- [Task statement] Search the material below for the string "exists". Return every line that holds it.

⟨

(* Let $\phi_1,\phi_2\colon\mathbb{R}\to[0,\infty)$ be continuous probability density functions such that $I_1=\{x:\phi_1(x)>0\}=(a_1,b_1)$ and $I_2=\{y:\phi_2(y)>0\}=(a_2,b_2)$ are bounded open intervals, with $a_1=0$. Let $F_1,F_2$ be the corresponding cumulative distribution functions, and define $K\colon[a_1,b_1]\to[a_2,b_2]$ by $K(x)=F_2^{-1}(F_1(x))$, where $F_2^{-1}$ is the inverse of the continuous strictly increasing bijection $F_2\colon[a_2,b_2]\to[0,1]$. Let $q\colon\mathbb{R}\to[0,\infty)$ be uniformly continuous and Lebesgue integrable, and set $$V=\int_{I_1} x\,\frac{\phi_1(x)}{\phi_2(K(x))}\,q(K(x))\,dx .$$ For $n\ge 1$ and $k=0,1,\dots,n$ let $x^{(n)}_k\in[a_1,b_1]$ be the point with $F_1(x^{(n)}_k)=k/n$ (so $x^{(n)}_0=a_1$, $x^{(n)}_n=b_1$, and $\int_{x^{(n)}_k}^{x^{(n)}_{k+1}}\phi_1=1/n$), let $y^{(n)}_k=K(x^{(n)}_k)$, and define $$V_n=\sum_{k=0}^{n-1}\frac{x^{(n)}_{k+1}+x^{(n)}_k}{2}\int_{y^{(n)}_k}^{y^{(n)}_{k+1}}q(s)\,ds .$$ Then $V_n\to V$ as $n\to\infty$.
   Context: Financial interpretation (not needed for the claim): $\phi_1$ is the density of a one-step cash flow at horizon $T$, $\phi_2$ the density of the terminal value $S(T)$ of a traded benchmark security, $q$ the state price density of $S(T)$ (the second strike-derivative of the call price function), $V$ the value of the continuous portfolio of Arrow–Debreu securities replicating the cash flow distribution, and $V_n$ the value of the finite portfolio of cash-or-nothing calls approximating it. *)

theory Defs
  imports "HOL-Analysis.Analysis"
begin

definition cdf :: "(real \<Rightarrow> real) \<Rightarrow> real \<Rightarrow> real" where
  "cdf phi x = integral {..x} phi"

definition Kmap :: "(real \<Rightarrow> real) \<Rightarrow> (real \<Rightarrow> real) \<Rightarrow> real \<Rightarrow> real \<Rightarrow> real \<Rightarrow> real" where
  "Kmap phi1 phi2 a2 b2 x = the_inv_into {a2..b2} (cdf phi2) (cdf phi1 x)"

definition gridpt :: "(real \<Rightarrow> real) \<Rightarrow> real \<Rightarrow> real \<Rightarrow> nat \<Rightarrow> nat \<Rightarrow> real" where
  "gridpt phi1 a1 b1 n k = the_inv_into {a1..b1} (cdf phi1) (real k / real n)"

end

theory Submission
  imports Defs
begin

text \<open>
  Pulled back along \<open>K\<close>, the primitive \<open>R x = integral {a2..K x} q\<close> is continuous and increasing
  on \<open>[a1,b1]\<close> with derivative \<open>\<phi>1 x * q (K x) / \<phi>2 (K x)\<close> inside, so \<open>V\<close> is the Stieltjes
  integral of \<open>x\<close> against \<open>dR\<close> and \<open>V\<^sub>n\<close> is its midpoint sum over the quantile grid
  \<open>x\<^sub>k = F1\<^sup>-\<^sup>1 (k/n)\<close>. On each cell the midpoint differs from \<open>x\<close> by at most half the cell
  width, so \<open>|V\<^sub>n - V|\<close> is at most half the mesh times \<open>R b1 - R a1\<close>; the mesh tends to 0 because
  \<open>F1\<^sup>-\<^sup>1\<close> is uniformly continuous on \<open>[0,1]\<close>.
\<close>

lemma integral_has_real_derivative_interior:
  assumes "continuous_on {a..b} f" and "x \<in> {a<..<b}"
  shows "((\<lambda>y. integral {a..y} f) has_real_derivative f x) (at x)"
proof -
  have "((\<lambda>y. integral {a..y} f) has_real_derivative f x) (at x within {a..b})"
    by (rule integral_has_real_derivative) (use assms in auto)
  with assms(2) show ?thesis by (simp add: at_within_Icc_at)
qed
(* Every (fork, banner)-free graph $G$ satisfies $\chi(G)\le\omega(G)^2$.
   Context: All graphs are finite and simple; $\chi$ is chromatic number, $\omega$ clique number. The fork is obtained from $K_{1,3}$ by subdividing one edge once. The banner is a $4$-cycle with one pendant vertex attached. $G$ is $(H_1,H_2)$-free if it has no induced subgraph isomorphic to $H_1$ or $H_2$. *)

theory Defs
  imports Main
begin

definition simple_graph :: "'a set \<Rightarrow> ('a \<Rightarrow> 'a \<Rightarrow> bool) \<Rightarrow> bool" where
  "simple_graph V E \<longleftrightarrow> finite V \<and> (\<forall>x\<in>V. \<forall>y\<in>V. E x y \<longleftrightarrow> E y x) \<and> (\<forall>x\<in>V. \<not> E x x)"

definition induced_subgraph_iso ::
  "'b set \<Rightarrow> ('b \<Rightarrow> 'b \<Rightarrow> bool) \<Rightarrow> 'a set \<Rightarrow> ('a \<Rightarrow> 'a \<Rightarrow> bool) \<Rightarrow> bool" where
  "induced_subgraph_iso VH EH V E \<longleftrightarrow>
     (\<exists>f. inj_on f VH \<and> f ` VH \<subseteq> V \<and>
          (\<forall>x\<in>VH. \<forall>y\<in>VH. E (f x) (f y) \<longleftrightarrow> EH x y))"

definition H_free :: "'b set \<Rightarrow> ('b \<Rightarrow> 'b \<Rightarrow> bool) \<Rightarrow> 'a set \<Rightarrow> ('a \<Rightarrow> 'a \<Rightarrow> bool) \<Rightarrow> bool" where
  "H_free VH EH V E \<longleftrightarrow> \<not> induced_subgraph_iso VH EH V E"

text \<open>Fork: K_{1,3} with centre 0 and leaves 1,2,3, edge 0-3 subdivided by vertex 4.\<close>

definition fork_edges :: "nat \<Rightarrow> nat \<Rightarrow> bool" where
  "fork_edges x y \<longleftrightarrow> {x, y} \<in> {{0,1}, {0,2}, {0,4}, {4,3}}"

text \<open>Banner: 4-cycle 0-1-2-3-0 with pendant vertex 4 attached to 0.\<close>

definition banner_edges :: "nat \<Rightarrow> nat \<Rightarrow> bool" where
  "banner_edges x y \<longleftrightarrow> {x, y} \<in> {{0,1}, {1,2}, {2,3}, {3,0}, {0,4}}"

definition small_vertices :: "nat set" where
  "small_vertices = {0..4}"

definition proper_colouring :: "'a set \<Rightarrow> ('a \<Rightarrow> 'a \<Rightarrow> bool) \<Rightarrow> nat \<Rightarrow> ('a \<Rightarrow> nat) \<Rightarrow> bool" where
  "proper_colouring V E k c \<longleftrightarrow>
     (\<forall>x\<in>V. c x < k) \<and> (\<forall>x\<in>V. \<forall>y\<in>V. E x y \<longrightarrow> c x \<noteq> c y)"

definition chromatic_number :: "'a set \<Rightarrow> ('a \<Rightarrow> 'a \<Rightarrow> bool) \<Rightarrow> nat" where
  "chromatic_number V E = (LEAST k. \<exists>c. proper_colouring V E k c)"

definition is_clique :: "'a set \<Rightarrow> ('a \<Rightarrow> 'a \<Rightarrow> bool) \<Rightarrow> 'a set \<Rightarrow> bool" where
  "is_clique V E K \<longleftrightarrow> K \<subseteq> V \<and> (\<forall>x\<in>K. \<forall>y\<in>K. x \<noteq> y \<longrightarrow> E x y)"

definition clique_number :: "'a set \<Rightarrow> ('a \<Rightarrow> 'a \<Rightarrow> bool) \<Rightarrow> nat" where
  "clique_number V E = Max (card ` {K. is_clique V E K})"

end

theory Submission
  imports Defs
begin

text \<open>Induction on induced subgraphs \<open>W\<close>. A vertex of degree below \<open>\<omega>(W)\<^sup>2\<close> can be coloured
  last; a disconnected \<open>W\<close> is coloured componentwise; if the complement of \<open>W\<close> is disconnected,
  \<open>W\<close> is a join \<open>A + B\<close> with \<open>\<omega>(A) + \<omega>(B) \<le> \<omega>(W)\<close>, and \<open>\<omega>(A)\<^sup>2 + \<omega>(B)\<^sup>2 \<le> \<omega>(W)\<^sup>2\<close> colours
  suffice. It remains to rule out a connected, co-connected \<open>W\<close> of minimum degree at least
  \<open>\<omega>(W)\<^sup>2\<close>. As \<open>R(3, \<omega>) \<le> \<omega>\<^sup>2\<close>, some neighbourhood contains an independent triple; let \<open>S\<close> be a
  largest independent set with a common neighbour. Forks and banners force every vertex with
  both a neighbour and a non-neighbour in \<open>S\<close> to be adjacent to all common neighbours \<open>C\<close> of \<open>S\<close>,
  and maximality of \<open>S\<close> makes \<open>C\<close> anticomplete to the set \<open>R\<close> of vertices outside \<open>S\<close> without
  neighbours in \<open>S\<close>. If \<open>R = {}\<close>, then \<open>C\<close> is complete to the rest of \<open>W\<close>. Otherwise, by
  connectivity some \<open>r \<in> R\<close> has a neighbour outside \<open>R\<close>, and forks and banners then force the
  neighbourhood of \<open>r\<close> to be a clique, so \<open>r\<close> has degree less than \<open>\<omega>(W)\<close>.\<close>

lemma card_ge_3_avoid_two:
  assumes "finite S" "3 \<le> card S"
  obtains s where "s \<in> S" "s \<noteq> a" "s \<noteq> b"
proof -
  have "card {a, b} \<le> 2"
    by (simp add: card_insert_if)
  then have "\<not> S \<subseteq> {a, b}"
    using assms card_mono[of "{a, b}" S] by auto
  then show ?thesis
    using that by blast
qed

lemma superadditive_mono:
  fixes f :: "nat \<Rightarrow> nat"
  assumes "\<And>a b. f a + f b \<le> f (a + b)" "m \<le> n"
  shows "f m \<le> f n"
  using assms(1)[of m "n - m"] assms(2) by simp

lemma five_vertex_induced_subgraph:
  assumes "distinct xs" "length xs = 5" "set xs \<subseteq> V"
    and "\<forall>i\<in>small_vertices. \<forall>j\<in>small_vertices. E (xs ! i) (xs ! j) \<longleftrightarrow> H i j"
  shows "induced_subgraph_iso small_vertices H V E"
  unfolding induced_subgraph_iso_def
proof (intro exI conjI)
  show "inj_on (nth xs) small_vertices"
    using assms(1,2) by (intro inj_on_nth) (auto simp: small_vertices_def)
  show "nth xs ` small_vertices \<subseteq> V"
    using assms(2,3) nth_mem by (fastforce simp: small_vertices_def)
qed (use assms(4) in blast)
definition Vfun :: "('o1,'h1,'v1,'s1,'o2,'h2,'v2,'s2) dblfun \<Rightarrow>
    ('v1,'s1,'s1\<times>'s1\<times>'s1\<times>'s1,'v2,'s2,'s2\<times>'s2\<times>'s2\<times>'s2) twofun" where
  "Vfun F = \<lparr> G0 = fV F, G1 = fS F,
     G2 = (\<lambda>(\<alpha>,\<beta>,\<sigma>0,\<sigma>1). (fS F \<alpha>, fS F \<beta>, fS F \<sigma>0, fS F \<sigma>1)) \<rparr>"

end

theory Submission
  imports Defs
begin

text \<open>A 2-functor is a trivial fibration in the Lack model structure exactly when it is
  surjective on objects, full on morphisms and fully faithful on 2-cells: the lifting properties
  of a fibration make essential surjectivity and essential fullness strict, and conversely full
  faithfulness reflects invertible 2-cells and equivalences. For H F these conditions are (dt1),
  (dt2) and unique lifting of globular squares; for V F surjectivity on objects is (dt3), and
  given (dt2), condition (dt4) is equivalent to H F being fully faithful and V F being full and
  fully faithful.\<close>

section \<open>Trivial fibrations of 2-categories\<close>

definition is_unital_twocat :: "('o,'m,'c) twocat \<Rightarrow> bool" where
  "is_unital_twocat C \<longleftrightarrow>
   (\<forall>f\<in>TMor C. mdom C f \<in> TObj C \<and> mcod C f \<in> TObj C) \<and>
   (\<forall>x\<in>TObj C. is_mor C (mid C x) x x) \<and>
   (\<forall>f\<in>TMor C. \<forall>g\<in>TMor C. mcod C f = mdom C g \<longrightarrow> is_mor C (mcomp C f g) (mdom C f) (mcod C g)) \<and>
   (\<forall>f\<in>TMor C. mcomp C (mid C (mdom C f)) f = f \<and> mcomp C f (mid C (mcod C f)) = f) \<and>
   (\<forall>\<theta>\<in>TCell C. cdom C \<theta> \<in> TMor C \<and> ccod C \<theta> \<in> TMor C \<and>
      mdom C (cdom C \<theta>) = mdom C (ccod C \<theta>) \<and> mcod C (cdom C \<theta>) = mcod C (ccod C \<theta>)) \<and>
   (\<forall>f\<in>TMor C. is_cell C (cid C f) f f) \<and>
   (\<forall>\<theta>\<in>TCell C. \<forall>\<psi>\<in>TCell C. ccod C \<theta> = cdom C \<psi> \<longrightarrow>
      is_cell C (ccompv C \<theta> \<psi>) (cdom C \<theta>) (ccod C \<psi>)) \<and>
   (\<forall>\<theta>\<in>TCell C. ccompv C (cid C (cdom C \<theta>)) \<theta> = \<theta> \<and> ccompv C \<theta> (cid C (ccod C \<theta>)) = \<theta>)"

⟩

- [Answer to this exercise]
     (\<exists>f. inj_on f VH \<and> f ` VH \<subseteq> V \<and>
  "chromatic_number V E = (LEAST k. \<exists>c. proper_colouring V E k c)"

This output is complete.